[[ Supplied information open ]]

lemma hasse_D_tau_mult: "1 \<le> i \<Longrightarrow> D i (\<tau> * f) = \<tau> * D i f + D (i - 1) f"
proof -
  assume i: "1 \<le> i"
  have "D i (\<tau> * f) = (\<Sum>j\<le>i. (if j = 0 then \<tau> * D i f else 0) + (if j = 1 then D (i - 1) f else 0))"
    unfolding hasse_D_mult
    by (intro sum.cong) (auto simp: hasse_D_0 hasse_D_tau not_less_eq_eq[symmetric])
  then show ?thesis using i by (simp add: sum.distrib)
qed

lemma hasse_D_power_coeff:
  assumes "1 \<in> k" and "i < N"
  shows "D i (f ^ j) = coeff (hasse_series D N f ^ j) i"
  using assms(2)
proof (induction j arbitrary: i)
  case 0
  then show ?case using hasse_D_one[OF assms(1)] by simp
next
  case (Suc j)
  have "D i (f ^ Suc j) = (\<Sum>l\<le>i. D l f * D (i - l) (f ^ j))"
    by (simp add: hasse_D_mult)
  also have "\<dots> = (\<Sum>l\<le>i. coeff (hasse_series D N f) l * coeff (hasse_series D N f ^ j) (i - l))"
    using Suc by (auto simp: coeff_hasse_series intro!: sum.cong)
  also have "\<dots> = coeff (hasse_series D N f ^ Suc j) i"
    by (simp add: coeff_mult)
  finally show ?case .
qed

lemma hasse_series_tau: "2 \<le> N \<Longrightarrow> hasse_series D N \<tau> = [:\<tau>, 1:]"
  by (rule poly_eqI)
    (auto simp: coeff_hasse_series coeff_pCons hasse_D_0 hasse_D_tau split: nat.splits)

lemma hasse_D_tau_power: "1 \<in> k \<Longrightarrow> D i (\<tau> ^ n) = of_nat (n choose i) * \<tau> ^ (n - i)"
  using hasse_D_power_coeff[of i "i + 2" \<tau> n] by (simp add: hasse_series_tau coeff_linear_power)

end

section \<open>The Wronskian with respect to conics\<close>

lemma det_mat_single_entry_column:
  assumes j: "j < Suc n" and zero: "\<And>i. 0 < i \<Longrightarrow> i < Suc n \<Longrightarrow> f (i, j) = 0"
  shows "det (mat (Suc n) (Suc n) f)
    = f (0, j) * (-1) ^ j * det (mat n n (\<lambda>(a, b). f (Suc a, if b < j then b else Suc b)))"
proof -
  let ?A = "mat (Suc n) (Suc n) f"
  have "det ?A = (\<Sum>i<Suc n. ?A $$ (i, j) * cofactor ?A i j)"
    by (rule laplace_expansion_column[OF _ j]) simp
  also have "\<dots> = ?A $$ (0, j) * cofactor ?A 0 j"
    using zero j by (subst sum.lessThan_Suc_shift) (auto intro!: sum.neutral)
  also have "mat_delete ?A 0 j = mat n n (\<lambda>(a, b). f (Suc a, if b < j then b else Suc b))"
    unfolding mat_delete_def using j by (intro eq_matI) auto
  then have "cofactor ?A 0 j
      = (-1) ^ j * det (mat n n (\<lambda>(a, b). f (Suc a, if b < j then b else Suc b)))"
    unfolding cofactor_def by simp
  finally show ?thesis using j by simp
qed

lemma det_mat_expand_first_column:
  "det (mat (Suc n) (Suc n) f) = (\<Sum>i<Suc n. f (i, 0) * (-1) ^ i *
     det (mat n n (\<lambda>(a, b). f (if a < i then a else Suc a, Suc b))))"
proof -
  let ?A = "mat (Suc n) (Suc n) f"
  have "det ?A = (\<Sum>i<Suc n. ?A $$ (i, 0) * cofactor ?A i 0)"
    by (rule laplace_expansion_column) simp_all
  also have "\<dots> = (\<Sum>i<Suc n. f (i, 0) * (-1) ^ i *
     det (mat n n (\<lambda>(a, b). f (if a < i then a else Suc a, Suc b))))"
  proof (rule sum.cong[OF refl])
    fix i assume i: "i \<in> {..<Suc n}"
    have "mat_delete ?A i 0 = mat n n (\<lambda>(a, b). f (if a < i then a else Suc a, Suc b))"
      unfolding mat_delete_def using i by (intro eq_matI) auto
    then show "?A $$ (i, 0) * cofactor ?A i 0
      = f (i, 0) * (-1) ^ i * det (mat n n (\<lambda>(a, b). f (if a < i then a else Suc a, Suc b)))"
      unfolding cofactor_def using i by simp
  qed
  finally show ?thesis .
qed

lemma det_mat_3:
  "det (mat 3 3 f) = f (0, 0) * (f (1, 1) * f (2, 2) - f (2, 1) * f (1, 2))
     - f (1, 0) * (f (0, 1) * f (2, 2) - f (2, 1) * f (0, 2))
     + f (2, 0) * (f (0, 1) * f (1, 2) - f (1, 1) * f (0, 2))"
proof -
  have det1: "det (mat (Suc 0) (Suc 0) g) = g (0, 0)" for g :: "nat \<times> nat \<Rightarrow> 'a"
    by (subst det_mat_expand_first_column) simp
  have det2: "det (mat (Suc (Suc 0)) (Suc (Suc 0)) g) = g (0, 0) * g (1, 1) - g (1, 0) * g (0, 1)"
    for g :: "nat \<times> nat \<Rightarrow> 'a"
    by (subst det_mat_expand_first_column) (simp add: det1 lessThan_Suc)
  show ?thesis
    by (simp only: numeral_3_eq_3, subst det_mat_expand_first_column)
      (simp add: det2 lessThan_Suc algebra_simps numeral_2_eq_2)
qed

lemma det_mat_6_three_unit_columns:
  fixes F :: "nat \<times> nat \<Rightarrow> 'a::comm_ring_1"
  assumes "F (0, 0) = 1" "\<And>i. 0 < i \<Longrightarrow> i < 6 \<Longrightarrow> F (i, 0) = 0"
    "F (1, 1) = 1" "\<And>i. 1 < i \<Longrightarrow> i < 6 \<Longrightarrow> F (i, 1) = 0"
    "F (2, 3) = 1" "\<And>i. 2 < i \<Longrightarrow> i < 6 \<Longrightarrow> F (i, 3) = 0"
  shows "det (mat 6 6 F) = - det (mat 3 3 (\<lambda>(i, j). F (i + 3, [2, 4, 5] ! j)))"
proof -
  have "det (mat 6 6 F) = det (mat (Suc 5) (Suc 5) F)" by simp
  also have "\<dots> = det (mat 5 5 (\<lambda>(a, b). F (Suc a, Suc b)))"
    by (subst det_mat_single_entry_column[of 0]) (use assms in auto)
  also have "\<dots> = det (mat (Suc 4) (Suc 4) (\<lambda>(a, b). F (Suc a, Suc b)))" by simp
  also have "\<dots> = det (mat 4 4 (\<lambda>(a, b). F (Suc (Suc a), Suc (Suc b))))"
    by (subst det_mat_single_entry_column[of 0]) (use assms in auto)
  also have "\<dots> = det (mat (Suc 3) (Suc 3) (\<lambda>(a, b). F (Suc (Suc a), Suc (Suc b))))" by simp
  also have "\<dots> = - det (mat 3 3 (\<lambda>(a, b).
      F (Suc (Suc (Suc a)), Suc (Suc (if b < 1 then b else Suc b)))))"
    by (subst det_mat_single_entry_column[of 1]) (use assms in \<open>auto simp: numeral_eq_Suc\<close>)
  also have "\<dots> = - det (mat 3 3 (\<lambda>(i, j). F (i + 3, [2, 4, 5] ! j)))"
    by (simp only: det_mat_3) (simp add: eval_nat_numeral)
  finally show ?thesis .
qed

definition conic_minor :: "(nat \<Rightarrow> 'a::comm_ring_1) \<Rightarrow> 'a" where
  "conic_minor h = det (mat 3 3 (\<lambda>(i, j).
     [h (i + 3), h (i + 2), \<Sum>l\<in>{1..i + 2}. h l * h (i + 3 - l)] ! j))"

lemma conic_minor_explicit:
  "conic_minor h
    = h 3 * (h 3 * (2 * h 1 * h 4 + 2 * h 2 * h 3) - h 4 * (2 * h 1 * h 3 + h 2 ^ 2))
    - h 4 * (h 2 * (2 * h 1 * h 4 + 2 * h 2 * h 3) - h 4 * (2 * h 1 * h 2))
    + h 5 * (h 2 * (2 * h 1 * h 3 + h 2 ^ 2) - h 3 * (2 * h 1 * h 2))"
  unfolding conic_minor_def det_mat_3
  by (simp add: eval_nat_numeral atLeastAtMostSuc_conv algebra_simps)

lemma conic_minor_cong: "(\<And>i. 1 \<le> i \<Longrightarrow> i \<le> 5 \<Longrightarrow> f i = g i) \<Longrightarrow> conic_minor f = conic_minor g"
  unfolding conic_minor_explicit by simp

lemma conic_minor_scale: "conic_minor (\<lambda>i. t * u ^ i * f i) = t ^ 4 * u ^ 11 * conic_minor f"
  unfolding conic_minor_explicit by (simp add: algebra_simps eval_nat_numeral)

lemma poly_conic_minor: "poly (conic_minor p) s = conic_minor (\<lambda>i. poly (p i) s)"
  unfolding conic_minor_explicit by simp

lemma poly_over_conic_minor:
  "is_subfield k \<Longrightarrow> (\<And>i. poly_over k (p i)) \<Longrightarrow> poly_over k (conic_minor p)"
  unfolding conic_minor_explicit mult_2 power2_eq_square
  by (intro poly_over_add poly_over_diff poly_over_mult)

(* The columns of 1, x and x^2 are unit vectors up to triangular shape; in the remaining minor,
   subtracting x times the column of y from that of x y, and 2 y times it from that of y^2,
   removes both x and D_0 y. *)
lemma conic_wronskian_classical:
  assumes "hasse_derivatives k x D" and "1 \<in> k"
  shows "conic_wronskian D x y (\<lambda>i. i) = - conic_minor (\<lambda>i. D i y)"
proof -
  define F where "F = (\<lambda>(i, j). D i (conic_monomials x y j))"
  have monomials: "conic_monomials x y 0 = 1" "conic_monomials x y (Suc 0) = x"
    "conic_monomials x y 2 = y"
    "conic_monomials x y 3 = x ^ 2" "conic_monomials x y 4 = x * y" "conic_monomials x y 5 = y ^ 2"
    by (simp_all add: conic_monomials_def)
  note D = hasse_D_0[OF assms(1)] hasse_D_one[OF assms] hasse_D_tau[OF assms(1)]
    hasse_D_tau_mult[OF assms(1)]
  have "conic_wronskian D x y (\<lambda>i. i) = det (mat 6 6 F)"
    unfolding conic_wronskian_def F_def by simp
  also have "\<dots> = - det (mat 3 3 (\<lambda>(i, j). F (i + 3, [2, 4, 5] ! j)))"
    by (rule det_mat_6_three_unit_columns) (auto simp: F_def monomials D power2_eq_square)
  also have "\<dots> = - conic_minor (\<lambda>i. D i y)"
  proof -
    have col2: "F (i, 2) = D i y" for i
      by (simp add: F_def monomials)
    have col4: "F (i, 4) = x * D i y + D (i - 1) y" if "1 \<le> i" for i
      using that by (simp add: F_def monomials D)
    have col5: "F (i, 5) = (\<Sum>j\<le>i. D j y * D (i - j) y)" for i
      by (simp add: F_def monomials power2_eq_square hasse_D_mult[OF assms(1)])
    show ?thesis
      unfolding det_mat_3 conic_minor_explicit
      by (simp add: col2 col4 col5 atMost_nat_numeral power2_eq_square algebra_simps)
  qed
  finally show ?thesis .
qed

[[ Supplied information closed ]]

About this task
Quote only the lines from the one containing "5) = (\<Sum>j\<le>i." through the final line of the records, with both ends included.

Result of the task
    have col5: "F (i, 5) = (\<Sum>j\<le>i. D j y * D (i - j) y)" for i
      by (simp add: F_def monomials power2_eq_square hasse_D_mult[OF assms(1)])
    show ?thesis
      unfolding det_mat_3 conic_minor_explicit
      by (simp add: col2 col4 col5 atMost_nat_numeral power2_eq_square algebra_simps)
  qed
  finally show ?thesis .
qed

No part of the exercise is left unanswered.